Provides a method to control load latency and temporal locality at the variable level.
#pragma memref_control [name1[:<locality>[:<latency>]],[name2...] |
name1, name2 |
Specifies the name of array or pointer. You must specify at least one name; however, you can specify names with associated locality and latency values. |
locality |
An optional integer value that indicates the desired cache level to store data for future access. This will determine the load/store hint (or prefetch hint) to be used for this reference. The value can be one of the following:
To use this argument, you must also specify name. |
latency |
An optional integer value that indicates the load (or the latency that has to be overlapped if a prefetch is issued for this address). The value can be one of the following:
To use this argument, you must also specify name and locality. |
The memref_control pragma is supported on Itanium® processors only. This pragma provides a method for controlling load latency and temporal locality at the variable level. The memref_control pragma allows you to specify locality and latency at the array level. For example, using this pragma allows you to control the following:
The location (cache level) to store data for future access.

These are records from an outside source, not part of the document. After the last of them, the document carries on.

(* Let $\langle M,\mathsf{S}\rangle$ be a sum structure with $M\neq\emptyset$. Then the relation $\sqsubseteq_{\mathsf{S}}$ satisfies the parthood axioms (P1)–(P5), i.e. $\langle M,\sqsubseteq_{\mathsf{S}}\rangle$ is a mereological structure.
   Context: For a set $M$ and a relation $\mathsf{S}\subseteq M\times\mathcal{P}(M)$ define: $x\sqsubseteq_{\mathsf{S}} y$ iff there is $X\subseteq M$ with $y\,\mathsf{S}\,X$ and $x\in X$; $\mathrm{I}(x)=\{y\in M\mid y\sqsubseteq_{\mathsf{S}} x\}$ and for $A\subseteq M$, $\mathrm{I}(A)=\bigcup_{a\in A}\mathrm{I}(a)$; $x$ s-overlaps $y$ iff there are $X,Y\subseteq M$ with $x\,\mathsf{S}\,X$, $y\,\mathsf{S}\,Y$, $X\cap Y\neq\emptyset$; a set $A\subseteq M$ is pre-dense in $B\subseteq M$ iff for every $b\in B$ there is $a\in A$ such that $a$ s-overlaps $b$. A sum structure is a pair $\langle M,\mathsf{S}\rangle$ satisfying: (S1) for every non-empty $X\subseteq M$ there is $x\in M$ with $x\,\mathsf{S}\,X$; (S2) $x\,\mathsf{S}\,X\wedge y\,\mathsf{S}\,X\to x=y$; (S3) $x\,\mathsf{S}\,X\wedge y\,\mathsf{S}\,Y\wedge x\in Y\to y\,\mathsf{S}\,(X\cup Y)$; (S4) if $x\,\mathsf{S}\,X$, $x\,\mathsf{S}\,Y$ and $y\in Y$, then there are $z\in X$ and $Z,U\subseteq M$ with $z\,\mathsf{S}\,Z$, $y\,\mathsf{S}\,U$ and $Z\cap U\neq\emptyset$; (S5) for all $x\in M$ and $X\subseteq M$: if $X$ is pre-dense in $\mathrm{I}(x)$ then $x\,\mathsf{S}\,(\mathrm{I}(x)\cap\mathrm{I}(X))$. A mereological structure is a pair $\langle M,\sqsubseteq\rangle$ where $M$ is a non-empty set and $\sqsubseteq\subseteq M\times M$ satisfies, for all $x,y,z\in M$: (P1) $x\sqsubseteq x$; (P2) $x\sqsubseteq y\wedge y\sqsubseteq x\to x=y$; (P3) $x\sqsubseteq y\wedge y\sqsubseteq z\to x\sqsubseteq z$; (P4) if $x\not\sqsubseteq y$ then there is $z\in M$ with $z\sqsubseteq x$ such that there is no $u\in M$ with $u\sqsubseteq z$ and $u\sqsubseteq y$; (P5) for every non-empty $X\subseteq M$ there is $x\in M$ such that every $y\in X$ satisfies $y\sqsubseteq x$, and for every $a\in M$ with $a\sqsubseteq x$ there exist $y\in X$ and $z\in M$ with $z\sqsubseteq y$ and $z\sqsubseteq a$. *)

theory Defs
  imports Main
begin

definition sum_rel :: "'a set \<Rightarrow> ('a \<Rightarrow> 'a set \<Rightarrow> bool) \<Rightarrow> bool" where
  "sum_rel M S \<longleftrightarrow> (\<forall>x X. S x X \<longrightarrow> x \<in> M \<and> X \<subseteq> M)"

definition sqleS :: "'a set \<Rightarrow> ('a \<Rightarrow> 'a set \<Rightarrow> bool) \<Rightarrow> 'a \<Rightarrow> 'a \<Rightarrow> bool" where
  "sqleS M S x y \<longleftrightarrow> (\<exists>X. X \<subseteq> M \<and> S y X \<and> x \<in> X)"

definition I_el :: "'a set \<Rightarrow> ('a \<Rightarrow> 'a set \<Rightarrow> bool) \<Rightarrow> 'a \<Rightarrow> 'a set" where
  "I_el M S x = {y \<in> M. sqleS M S y x}"

definition I_set :: "'a set \<Rightarrow> ('a \<Rightarrow> 'a set \<Rightarrow> bool) \<Rightarrow> 'a set \<Rightarrow> 'a set" where
  "I_set M S A = (\<Union>a\<in>A. I_el M S a)"

definition s_overlaps :: "'a set \<Rightarrow> ('a \<Rightarrow> 'a set \<Rightarrow> bool) \<Rightarrow> 'a \<Rightarrow> 'a \<Rightarrow> bool" where
  "s_overlaps M S x y \<longleftrightarrow>
     (\<exists>X Y. X \<subseteq> M \<and> Y \<subseteq> M \<and> S x X \<and> S y Y \<and> X \<inter> Y \<noteq> {})"

definition pre_dense :: "'a set \<Rightarrow> ('a \<Rightarrow> 'a set \<Rightarrow> bool) \<Rightarrow> 'a set \<Rightarrow> 'a set \<Rightarrow> bool" where
  "pre_dense M S A B \<longleftrightarrow> (\<forall>b\<in>B. \<exists>a\<in>A. s_overlaps M S a b)"

definition sum_structure :: "'a set \<Rightarrow> ('a \<Rightarrow> 'a set \<Rightarrow> bool) \<Rightarrow> bool" where
  "sum_structure M S \<longleftrightarrow>
     sum_rel M S \<and>
     (\<forall>X. X \<subseteq> M \<and> X \<noteq> {} \<longrightarrow> (\<exists>x\<in>M. S x X)) \<and>
     (\<forall>x\<in>M. \<forall>y\<in>M. \<forall>X. X \<subseteq> M \<longrightarrow> S x X \<and> S y X \<longrightarrow> x = y) \<and>
     (\<forall>x\<in>M. \<forall>y\<in>M. \<forall>X Y. X \<subseteq> M \<and> Y \<subseteq> M \<longrightarrow>
        S x X \<and> S y Y \<and> x \<in> Y \<longrightarrow> S y (X \<union> Y)) \<and>
     (\<forall>x\<in>M. \<forall>y\<in>M. \<forall>X Y. X \<subseteq> M \<and> Y \<subseteq> M \<longrightarrow>
        S x X \<and> S x Y \<and> y \<in> Y \<longrightarrow>
        (\<exists>z\<in>X. \<exists>Z U. Z \<subseteq> M \<and> U \<subseteq> M \<and> S z Z \<and> S y U \<and> Z \<inter> U \<noteq> {})) \<and>
     (\<forall>x\<in>M. \<forall>X. X \<subseteq> M \<longrightarrow>
        pre_dense M S X (I_el M S x) \<longrightarrow> S x (I_el M S x \<inter> I_set M S X))"

definition mereological_structure :: "'a set \<Rightarrow> ('a \<Rightarrow> 'a \<Rightarrow> bool) \<Rightarrow> bool" where
  "mereological_structure M P \<longleftrightarrow>
     M \<noteq> {} \<and>
     (\<forall>x\<in>M. P x x) \<and>
     (\<forall>x\<in>M. \<forall>y\<in>M. P x y \<and> P y x \<longrightarrow> x = y) \<and>
     (\<forall>x\<in>M. \<forall>y\<in>M. \<forall>z\<in>M. P x y \<and> P y z \<longrightarrow> P x z) \<and>
     (\<forall>x\<in>M. \<forall>y\<in>M. \<not> P x y \<longrightarrow>
        (\<exists>z\<in>M. P z x \<and> \<not> (\<exists>u\<in>M. P u z \<and> P u y))) \<and>
     (\<forall>X. X \<subseteq> M \<and> X \<noteq> {} \<longrightarrow>
        (\<exists>x\<in>M. (\<forall>y\<in>X. P y x) \<and>
           (\<forall>a\<in>M. P a x \<longrightarrow> (\<exists>y\<in>X. \<exists>z\<in>M. P z y \<and> P z a))))"

end

theory Submission
  imports Defs
begin

text \<open>Everything rests on (S5) applied to a singleton \<open>{y}\<close>: if \<open>{y}\<close> is pre-dense in
  the ideal \<open>I(v)\<close> of some \<open>v \<sqsupseteq> y\<close>, then \<open>v\<close> is the sum of \<open>I(v) \<inter> I(y) = I(y)\<close>.
  Taking \<open>v = y\<close>, with pre-density supplied by (S3) and (S4), every element is the sum of
  its own ideal, so by (S2) any such \<open>v\<close> equals \<open>y\<close>. Choosing \<open>v\<close> as the sum of \<open>{x}\<close>
  gives reflexivity and as the sum of \<open>{x, y}\<close> gives strong supplementation (P4).
  Transitivity is (S3), antisymmetry follows from \<open>x\<close> being the sum of \<open>I(x)\<close>, and (P5)
  is witnessed by the sum provided by (S1), via (S4).\<close>

locale sum_struct =
  fixes M :: "'a set" and S :: "'a \<Rightarrow> 'a set \<Rightarrow> bool"
  assumes sum_in_carrier: "S x X \<Longrightarrow> x \<in> M \<and> X \<subseteq> M"
    and sum_exists: "X \<subseteq> M \<Longrightarrow> X \<noteq> {} \<Longrightarrow> \<exists>x\<in>M. S x X"
    and sum_unique: "S x X \<Longrightarrow> S y X \<Longrightarrow> x = y"
    and sum_union: "S x X \<Longrightarrow> S y Y \<Longrightarrow> x \<in> Y \<Longrightarrow> S y (X \<union> Y)"
    and sum_overlap: "S x X \<Longrightarrow> S x Y \<Longrightarrow> y \<in> Y \<Longrightarrow>
      \<exists>z\<in>X. \<exists>Z U. S z Z \<and> S y U \<and> Z \<inter> U \<noteq> {}"
    and sum_of_pre_dense: "x \<in> M \<Longrightarrow> X \<subseteq> M \<Longrightarrow> pre_dense M S X (I_el M S x) \<Longrightarrow>
      S x (I_el M S x \<inter> I_set M S X)"

lemma sum_struct_if_sum_structure:
  assumes "sum_structure M S"
  shows "sum_struct M S"
proof -
  have carrier: "S x X \<Longrightarrow> x \<in> M \<and> X \<subseteq> M" for x X
    using assms by (simp add: sum_structure_def sum_rel_def)
  have unique: "\<forall>x\<in>M. \<forall>y\<in>M. \<forall>X\<subseteq>M. S x X \<and> S y X \<longrightarrow> x = y"
    using assms unfolding sum_structure_def by (elim conjE)
  have union: "\<forall>x\<in>M. \<forall>y\<in>M. \<forall>X Y. X \<subseteq> M \<and> Y \<subseteq> M \<longrightarrow>
      S x X \<and> S y Y \<and> x \<in> Y \<longrightarrow> S y (X \<union> Y)"
    using assms unfolding sum_structure_def by (elim conjE)
  have overlap: "\<forall>x\<in>M. \<forall>y\<in>M. \<forall>X Y. X \<subseteq> M \<and> Y \<subseteq> M \<longrightarrow>
      S x X \<and> S x Y \<and> y \<in> Y \<longrightarrow>
      (\<exists>z\<in>X. \<exists>Z U. Z \<subseteq> M \<and> U \<subseteq> M \<and> S z Z \<and> S y U \<and> Z \<inter> U \<noteq> {})"
    using assms unfolding sum_structure_def by (elim conjE)
  show ?thesis
  proof
    show "X \<subseteq> M \<Longrightarrow> X \<noteq> {} \<Longrightarrow> \<exists>x\<in>M. S x X" for X
      using assms by (simp add: sum_structure_def)
    show "x = y" if "S x X" "S y X" for x y X
      using unique[rule_format, of x y X] that carrier[OF that(1)] carrier[OF that(2)] by simp
    show "S y (X \<union> Y)" if "S x X" "S y Y" "x \<in> Y" for x y X Y
      using union[rule_format, of x y X Y] that carrier[OF that(1)] carrier[OF that(2)] by simp
    show "\<exists>z\<in>X. \<exists>Z U. S z Z \<and> S y U \<and> Z \<inter> U \<noteq> {}"
      if "S x X" "S x Y" "y \<in> Y" for x y X Y
      using overlap[rule_format, of x y X Y] that carrier[OF that(1)] carrier[OF that(2)] by blast
    show "x \<in> M \<Longrightarrow> X \<subseteq> M \<Longrightarrow> pre_dense M S X (I_el M S x) \<Longrightarrow>
      S x (I_el M S x \<inter> I_set M S X)" for x X
      using assms by (simp add: sum_structure_def)
  qed (fact carrier)
qed

context sum_struct
begin

abbreviation part :: "'a \<Rightarrow> 'a \<Rightarrow> bool" where
  "part \<equiv> sqleS M S"

lemma part_iff: "part x y \<longleftrightarrow> (\<exists>X. S y X \<and> x \<in> X)"
  unfolding sqleS_def using sum_in_carrier by blast

lemma part_in_carrier: "part x y \<Longrightarrow> x \<in> M \<and> y \<in> M"
  unfolding part_iff using sum_in_carrier by blast

lemma I_el_eq: "I_el M S x = {y. part y x}"
  unfolding I_el_def using part_in_carrier by blast

lemma s_overlaps_iff: "s_overlaps M S a b \<longleftrightarrow> (\<exists>u. part u a \<and> part u b)"
proof
  assume "s_overlaps M S a b"
  then obtain X Y u where "S a X" "S b Y" "u \<in> X" "u \<in> Y"
    unfolding s_overlaps_def by blast
  then show "\<exists>u. part u a \<and> part u b" unfolding part_iff by blast
next
  assume "\<exists>u. part u a \<and> part u b"
  then obtain X Y u where X: "S a X" and Y: "S b Y" and "u \<in> X" "u \<in> Y"
    unfolding part_iff by blast
  then show "s_overlaps M S a b"
    using sum_in_carrier[OF X] sum_in_carrier[OF Y] unfolding s_overlaps_def by blast
qed

lemma pre_dense_singleton_iff:
  "pre_dense M S {y} B \<longleftrightarrow> (\<forall>b\<in>B. \<exists>u. part u y \<and> part u b)"
  by (simp add: pre_dense_def s_overlaps_iff)

lemma part_trans: "part x y \<Longrightarrow> part y z \<Longrightarrow> part x z"
  unfolding part_iff using sum_union by blast

lemma part_of_sum_overlaps_summand:
  assumes "S x X" "part b x"
  shows "\<exists>z\<in>X. \<exists>u. part u z \<and> part u b"
proof -
  obtain Y where "S x Y" "b \<in> Y"
    using assms(2) unfolding part_iff by blast
  from sum_overlap[OF assms(1) this] obtain z Z U
    where "z \<in> X" "S z Z" "S b U" "Z \<inter> U \<noteq> {}" by blast
  then show ?thesis unfolding part_iff by blast
qed

lemma sum_of_pre_dense_singleton:
  assumes "part y v" "pre_dense M S {y} (I_el M S v)"
  shows "S v (I_el M S y)"
proof -
  have "S v (I_el M S v \<inter> I_el M S y)"
    using sum_of_pre_dense[of v "{y}"] assms part_in_carrier by (simp add: I_set_def)
  moreover have "I_el M S y \<subseteq> I_el M S v"
    using assms(1) part_trans by (auto simp: I_el_eq)
  ultimately show ?thesis by (simp add: Int_absorb1)
qed

lemma sum_of_ideal:
  assumes "x \<in> M"
  shows "S x (I_el M S x)"
proof -
  have "\<exists>u. part u x \<and> part u b" if "part b x" for b
  proof -
    obtain Y where "S x Y" using \<open>part b x\<close> unfolding part_iff by blast
    then obtain u where "part u b"
      using part_of_sum_overlaps_summand \<open>part b x\<close> by blast
    then show ?thesis using \<open>part b x\<close> part_trans by blast
  qed
  then have "pre_dense M S {x} (I_el M S x)"
    by (simp add: pre_dense_singleton_iff I_el_eq)
  then show ?thesis
    using sum_of_pre_dense[of x "{x}"] assms by (simp add: I_set_def)
qed

lemma eq_if_pre_dense_singleton:
  "part y v \<Longrightarrow> pre_dense M S {y} (I_el M S v) \<Longrightarrow> v = y"
  using sum_of_pre_dense_singleton sum_of_ideal part_in_carrier sum_unique by blast

lemma part_refl:
  assumes "x \<in> M"
  shows "part x x"
proof -
  obtain w where w: "S w {x}" using sum_exists[of "{x}"] assms by blast
  then have "part x w" unfolding part_iff by blast
  moreover have "pre_dense M S {x} (I_el M S w)"
    using part_of_sum_overlaps_summand[OF w] by (simp add: pre_dense_singleton_iff I_el_eq)
  ultimately show ?thesis using eq_if_pre_dense_singleton by metis
qed

lemma part_antisym: "part x y \<Longrightarrow> part y x \<Longrightarrow> x = y"
proof -
  assume "part x y" "part y x"
  then have "I_el M S x = I_el M S y" using part_trans by (auto simp: I_el_eq)
  then show "x = y"
    using \<open>part x y\<close> sum_of_ideal part_in_carrier sum_unique by metis
qed

lemma part_supplementation:
  assumes "x \<in> M" "y \<in> M" "\<not> part x y"
  shows "\<exists>z\<in>M. part z x \<and> \<not> (\<exists>u\<in>M. part u z \<and> part u y)"
proof (rule ccontr)
  assume "\<not> ?thesis"
  then have overlap_y: "\<exists>t. part t u \<and> part t y" if "part u x" for u
    using that part_in_carrier by blast
  obtain v where v: "S v {x, y}" using sum_exists[of "{x, y}"] assms by blast
  then have "part x v" "part y v" unfolding part_iff by blast+
  have "\<exists>t. part t y \<and> part t b" if "part b v" for b
  proof -
    obtain z u where "z \<in> {x, y}" "part u z" "part u b"
      using part_of_sum_overlaps_summand[OF v \<open>part b v\<close>] by blast
    then show ?thesis using overlap_y part_trans by blast
  qed
  then have "pre_dense M S {y} (I_el M S v)"
    by (simp add: pre_dense_singleton_iff I_el_eq)
  with \<open>part y v\<close> have "v = y" by (rule eq_if_pre_dense_singleton)
  with \<open>part x v\<close> \<open>\<not> part x y\<close> show False by simp
qed

lemma part_fusion:
  assumes "X \<subseteq> M" "X \<noteq> {}"
  shows "\<exists>x\<in>M. (\<forall>y\<in>X. part y x) \<and>
    (\<forall>a\<in>M. part a x \<longrightarrow> (\<exists>y\<in>X. \<exists>z\<in>M. part z y \<and> part z a))"
proof -
  obtain x where "x \<in> M" and x: "S x X" using sum_exists assms by blast
  moreover have "\<forall>y\<in>X. part y x" using x unfolding part_iff by blast
  moreover have "\<forall>a\<in>M. part a x \<longrightarrow> (\<exists>y\<in>X. \<exists>z\<in>M. part z y \<and> part z a)"
    using part_of_sum_overlaps_summand[OF x] part_in_carrier by blast
  ultimately show ?thesis by blast
qed

end

theorem theorem3p13:
  fixes M :: "'a set" and S :: "'a \<Rightarrow> 'a set \<Rightarrow> bool"
  assumes "sum_structure M S"
    and "M \<noteq> {}"
  shows "mereological_structure M (sqleS M S)"
proof -
  interpret sum_struct M S
    using assms(1) by (rule sum_struct_if_sum_structure)
  show ?thesis
    unfolding mereological_structure_def
    using assms(2) part_refl part_antisym part_trans part_supplementation part_fusion
    by (intro conjI ballI allI impI) (blast+)
qed

end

The most appropriate latency value to be used for a load, or the latency that has to be overlapped if a prefetch is issued for this reference.
When you specify source-level and the data locality information at a high level for a particular data access, the compiler decides how best to use this information. If the compiler can prefetch profitably for the reference, then it issues a prefetch with a distance that covers the specified latency specified and then schedules the corresponding load with a smaller latency. It also uses the hints on the prefetch and load appropriately to keep the data in the specified cache level.
If the compiler cannot compute the address in advance, or decides that the overheads for prefetching are too high, it uses the specified latency to separate the load and its use (in a pipelined loop or a Global Code Scheduler loop). The hint on the load/store will correspond to the cache level passed with the locality argument.
You can use this with the prefetch and noprefetch to further tune the hints and prefetch strategies. When using the memref_control with noprefetch, keep the following guidelines in mind:
Specifying noprefetch along with the memref_control causes the compiler to not issue prefetches; instead the latency values specified in the memref_control is used to schedule the load.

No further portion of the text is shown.